On a constaté que les vers de terre améliorent la structure du sol (augmentation de la stabilité et réduction du ruissellement), minéralisent et stabilisent la matière organique, accroissent la disponibilité des éléments nutritifs, et ont même un effet sur la santé des plantes en induisant la production de substances analogues aux hormones. Mais il reste que de loin le principal avantage des vers de terre pour les cultures est leur effet sur les éléments nutritifs.
Recyclage des éléments nutritifs
Les vers de terre libèrent les éléments nutritifs qui sont retenus dans les résidus végétaux et la matière organique du sol. Les vers qui vivent à la surface (vers épigés) et ceux qui creusent des galeries verticales en profondeur (vers anéciques) se nourrissent presque exclusivement de la litière à la surface du sol, alors que les vers qui vivent dans les couches supérieures du sol (vers endogés) se nourrissent de la matière organique du sol à divers stades de décomposition. Les vers anéciques en particulier jouent un rôle extrêmement important dans l'incorporation des résidus. Une étude réalisée en Ohio a montré qu'une population d'environ 100 individus par m2 de Lumbricus terrestris pouvait ingérer annuellement 840 kg/ha (750 lb/acre) de résidus de maïs2. Les populations de vers de terre dans les sols agricoles atteignent habituellement entre 100 et 350 individus par m2 3. Les résidus de culture, la matière organique et les minéraux du sol sont mélangés dans le tube digestif des vers puis rejetés sous forme de turricules (aussi appelés tortillons).
Quel est l'apport fertilisant des turricules?
Les turricules de vers de terre (les excréments en fait) sont des zones très fertiles dans le sol. En s'alimentant, les vers concentrent des éléments de source organique et de terre meuble. Après analyse de 81 études totalisant 405 observations dans le cadre d'une méta-analyse de la fertilité relative des turricules de vers de terre et de la terre meuble, des chercheurs de l'université de Wageningen ont trouvé que les teneurs en carbone organique total (COT), en phosphore total (P) et en azote total (N) étaient de 40 à 48 % plus élevées dans les turricules de vers 4. La capacité d'échange cationique (CEC) était en moyenne 38 % plus élevée, semblable au COT, ce qui confirme l'effet important de la matière organique sur la CEC. Il s'agit d'effets de concentration, car les vers concentrent en effet les éléments provenant des résidus et du sol dans leurs turricules.

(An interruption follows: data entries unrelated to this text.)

(* If A^N = 1 then the trace of A is a sum of n N-th roots of unity (its eigenvalues);
   this is what makes the set of character values finite. *)
lemma trace_sum_roots_of_unity:
  assumes A: "(A::complex mat) \<in> carrier_mat n n" and pw: "A ^\<^sub>m N = 1\<^sub>m n"
  shows "\<exists>es. length es = n \<and> set es \<subseteq> {z. z^N = 1} \<and> mtrace A = sum_list es"
proof -
  obtain es where cp: "char_poly A = (\<Prod>a\<leftarrow>es. [:-a,1:])" and len: "length es = n"
    using char_poly_factorized[OF A] by blast
  obtain B P Q where sd: "schur_decomposition A es = (B,P,Q)"
    by (cases "schur_decomposition A es") auto
  from schur_decomposition[OF A cp sd] have sim: "similar_mat_wit A B P Q"
    and dg: "diag_mat B = es" by auto
  from sim A have BPQ: "B \<in> carrier_mat n n" "P \<in> carrier_mat n n" "Q \<in> carrier_mat n n"
    and QP: "Q * P = 1\<^sub>m n" and AE: "A = P * B * Q"
    unfolding similar_mat_wit_def Let_def by auto
  have "mtrace A = mtrace ((P * B) * Q)" using AE by simp
  also have "\<dots> = mtrace (Q * (P * B))" using BPQ by (intro mtrace_comm[of _ n n]) auto
  also have "Q * (P * B) = B" using QP BPQ by (simp flip: assoc_mult_mat)
  also have "mtrace B = sum_list (diag_mat B)"
    using BPQ by (simp add: mtrace_def diag_mat_def sum_list_sum_nth atLeast0LessThan)
  also have "\<dots> = sum_list es" using dg by simp
  finally have trace: "mtrace A = sum_list es" .
  have "e^N = 1" if "e \<in> set es" for e
    using eigenvalue_root_of_unity[OF A pw] that unfolding cp
    by (induct es) (auto simp: poly_prod_list)
  thus ?thesis using len trace by blast
qed

lemma exists_orthogonal_vector:
  assumes vs: "set vs \<subseteq> carrier_vec n" and short: "length vs < n"
  shows "\<exists>u \<in> carrier_vec n. u \<noteq> 0\<^sub>v n \<and> (\<forall>w \<in> set vs. w \<bullet> (u :: complex vec) = 0)"
proof -
  define c where "c = (\<lambda>i. if i < length vs then vs ! i else 0\<^sub>v n)"
  define R where "R = mat\<^sub>r n n (\<lambda>i. if i = n - 1 then 0\<^sub>v n else c i)"
  have c: "c \<in> {0..<n} \<rightarrow> carrier_vec n" using vs unfolding c_def by (simp add: subset_iff)
  have R: "R \<in> carrier_mat n n" unfolding R_def by simp
  have "det R = 0" unfolding R_def using det_row_0[OF _ c] short by simp
  then obtain u where u: "u \<in> carrier_vec n" "u \<noteq> 0\<^sub>v n" "R *\<^sub>v u = 0\<^sub>v n"
    using det_0_iff_vec_prod_zero_field[OF R] by blast
  have "w \<bullet> u = 0" if w: "w \<in> set vs" for w
  proof -
    obtain i where i: "i < length vs" "w = vs ! i" using w by (metis in_set_conv_nth)
    have wc: "w \<in> carrier_vec n" using w vs by blast
    have "row R i = w" unfolding R_def c_def using i short wc by (intro eq_vecI) auto
    hence "(R *\<^sub>v u) $ i = w \<bullet> u" using i short R by simp
    thus ?thesis using u(3) i short by simp
  qed
  thus ?thesis using u by blast
qed

definition annihilator :: "nat \<Rightarrow> 'a :: comm_ring vec set \<Rightarrow> 'a vec set" where
  "annihilator n X = {u \<in> carrier_vec n. \<forall>x\<in>X. u \<bullet> x = 0}"

lemma annihilator_subspace:
  assumes X: "X \<subseteq> carrier_vec n"
  shows "0\<^sub>v n \<in> annihilator n X"
    and "u \<in> annihilator n X \<Longrightarrow> w \<in> annihilator n X \<Longrightarrow> u + w \<in> annihilator n X"
    and "u \<in> annihilator n X \<Longrightarrow> c \<cdot>\<^sub>v u \<in> annihilator n X"
proof -
  show "0\<^sub>v n \<in> annihilator n X" using X unfolding annihilator_def by auto
next
  assume u: "u \<in> annihilator n X" and w: "w \<in> annihilator n X"
  have "(u + w) \<bullet> x = 0" if x: "x \<in> X" for x
  proof -
    have "(u + w) \<bullet> x = u \<bullet> x + w \<bullet> x"
      using u w x X by (intro add_scalar_prod_distrib[of _ n]) (auto simp: annihilator_def)
    thus ?thesis using u w x unfolding annihilator_def by simp
  qed
  thus "u + w \<in> annihilator n X" using u w unfolding annihilator_def by auto
next
  assume u: "u \<in> annihilator n X"
  have "(c \<cdot>\<^sub>v u) \<bullet> x = 0" if x: "x \<in> X" for x
    using u x X unfolding annihilator_def by auto
  thus "c \<cdot>\<^sub>v u \<in> annihilator n X" using u unfolding annihilator_def by auto
qed
text \<open>A dart (oriented subarc): curve, index of the subarc, True = traversed in the
direction of the curve.\<close>
type_synonym dart = "curve \<times> nat \<times> bool"

definition darts :: "nat \<Rightarrow> dart set" where
  "darts n = {d. fst (snd d) < n}"

definition reverse_dart :: "dart \<Rightarrow> dart" where
  "reverse_dart d = (fst d, fst (snd d), \<not> snd (snd d))"

definition edge_of :: "dart \<Rightarrow> curve \<times> nat" where
  "edge_of d = (fst d, fst (snd d))"

definition alpha_out_fwd :: "nat \<Rightarrow> nat \<Rightarrow> dart" where
  "alpha_out_fwd n v = (Alpha, v, True)"
definition alpha_out_bwd :: "nat \<Rightarrow> nat \<Rightarrow> dart" where
  "alpha_out_bwd n v = (Alpha, (v + n - 1) mod n, False)"
definition beta_out_fwd :: "nat \<Rightarrow> (nat \<Rightarrow> nat) \<Rightarrow> nat \<Rightarrow> dart" where
  "beta_out_fwd n sg v = (Beta, the_inv_into {..<n} sg v, True)"
definition beta_out_bwd :: "nat \<Rightarrow> (nat \<Rightarrow> nat) \<Rightarrow> nat \<Rightarrow> dart" where
  "beta_out_bwd n sg v = (Beta, (the_inv_into {..<n} sg v + n - 1) mod n, False)"

text \<open>Rotation: the next outgoing dart (counterclockwise) around the tail vertex.
At a positive crossing the cyclic order is alpha-fwd, beta-fwd, alpha-bwd, beta-bwd;
at a negative crossing it is alpha-fwd, beta-bwd, alpha-bwd, beta-fwd.\<close>
fun rot :: "nat \<Rightarrow> (nat \<Rightarrow> nat) \<Rightarrow> (nat \<Rightarrow> bool) \<Rightarrow> dart \<Rightarrow> dart" where
  "rot n sg eps (Alpha, k, True) =
     (let v = k in if eps v then beta_out_fwd n sg v else beta_out_bwd n sg v)"
| "rot n sg eps (Beta, j, True) =
     (let v = sg j in if eps v then alpha_out_bwd n v else alpha_out_fwd n v)"
| "rot n sg eps (Alpha, k, False) =
     (let v = Suc k mod n in if eps v then beta_out_bwd n sg v else beta_out_fwd n sg v)"
| "rot n sg eps (Beta, j, False) =
     (let v = sg (Suc j mod n) in if eps v then alpha_out_fwd n v else alpha_out_bwd n v)"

Des transformations se produisent aussi dans le tube digestif des vers et dans les turricules d'une grande richesse microbienne, ce qui a un effet sur la disponibilité des éléments nutritifs. En moyenne, la teneur en azote minéral est de 241 % plus élevée, et le P disponible est de 84 % supérieur dans les turricules que dans le reste du sol4. L'augmentation de l'azote minéral (assimilable par les plantes) est due à la décomposition de la matière organique. Par contre, les mécanismes propres au P sont plus compliqués. Dans une étude menée en 2019, Vos et ses collaborateurs 5 ont trouvé des différences significatives dans le P assimilable du sol et celui des turricules, lequel variait aussi selon les espèces de vers. Ultimement toutefois, tous les vers de terre ont contribué à augmenter la disponibilité du P (figure 1). Étant donné les quantités importantes de phosphore résiduel dans de nombreux sols ontariens, la disponibilité du P induite par l'activité des vers de terre pourrait être importante en présence de populations suffisamment abondantes. La même étude a aussi montré que le pH augmentait de manière significative dans les turricules de vers, permettant éventuellement de réduire les besoins d'apports en chaux (figure 2).
Figure 1. Phosphore assimilable dans les turricules de vers et dans la terre meuble. Les couleurs correspondent aux différentes catégories fonctionnelles de vers de terre (gris pâle : vers épigés; gris : vers endogés; gris foncé : vers anéciques). Source : Vos et coll., 2019.
Figure 2. pH des turricules de vers de terre et de la terre meuble. Les couleurs correspondent aux différentes catégories fonctionnelles de vers de terre (gris pâle : vers épigés; gris : vers endogés; gris foncé : vers anéciques). Source : Vos et coll., 2019.
Comment tirer profit des avantages procurés par les turricules de vers
Pour tirer pleinement profit des avantages procurés par l'effet des vers de terre sur le recyclage des éléments nutritifs et sur la fertilité du sol, il est nécessaire de créer des conditions propices à la croissance de leurs populations. L'un des faits les mieux établis en matière de gestion du sol, c'est que le travail du sol réduit les populations de vers de terre. Le labour intensif peut carrément tuer les vers de terre, les exposer à la dessication et aux prédateurs, détruire leurs tunnels et éliminer leur source de nourriture. Ceci est particulièrement vrai pour les vers qui vivent à la surface et pour ceux qui creusent des galeries verticales en profondeur. Ils peuvent être ainsi complètement absents des champs labourés selon des méthodes conventionnelles3. Une récente méta-analyse de l'effet du labour sur les populations de vers de terre a montré que l'abondance et la biomasse des vers de terre étaient respectivement de 137 % et 196 % plus élevées dans les systèmes culturaux sans travail du sol comparativement aux systèmes avec labour6. La majorité de ces hausses sont dues au réétablissement des vers anéciques (ceux qui font des galeries verticales en profondeur) 7, dont l'apport principal concerne la porosité du sol et le drainage et qui feront l'objet d'un autre article.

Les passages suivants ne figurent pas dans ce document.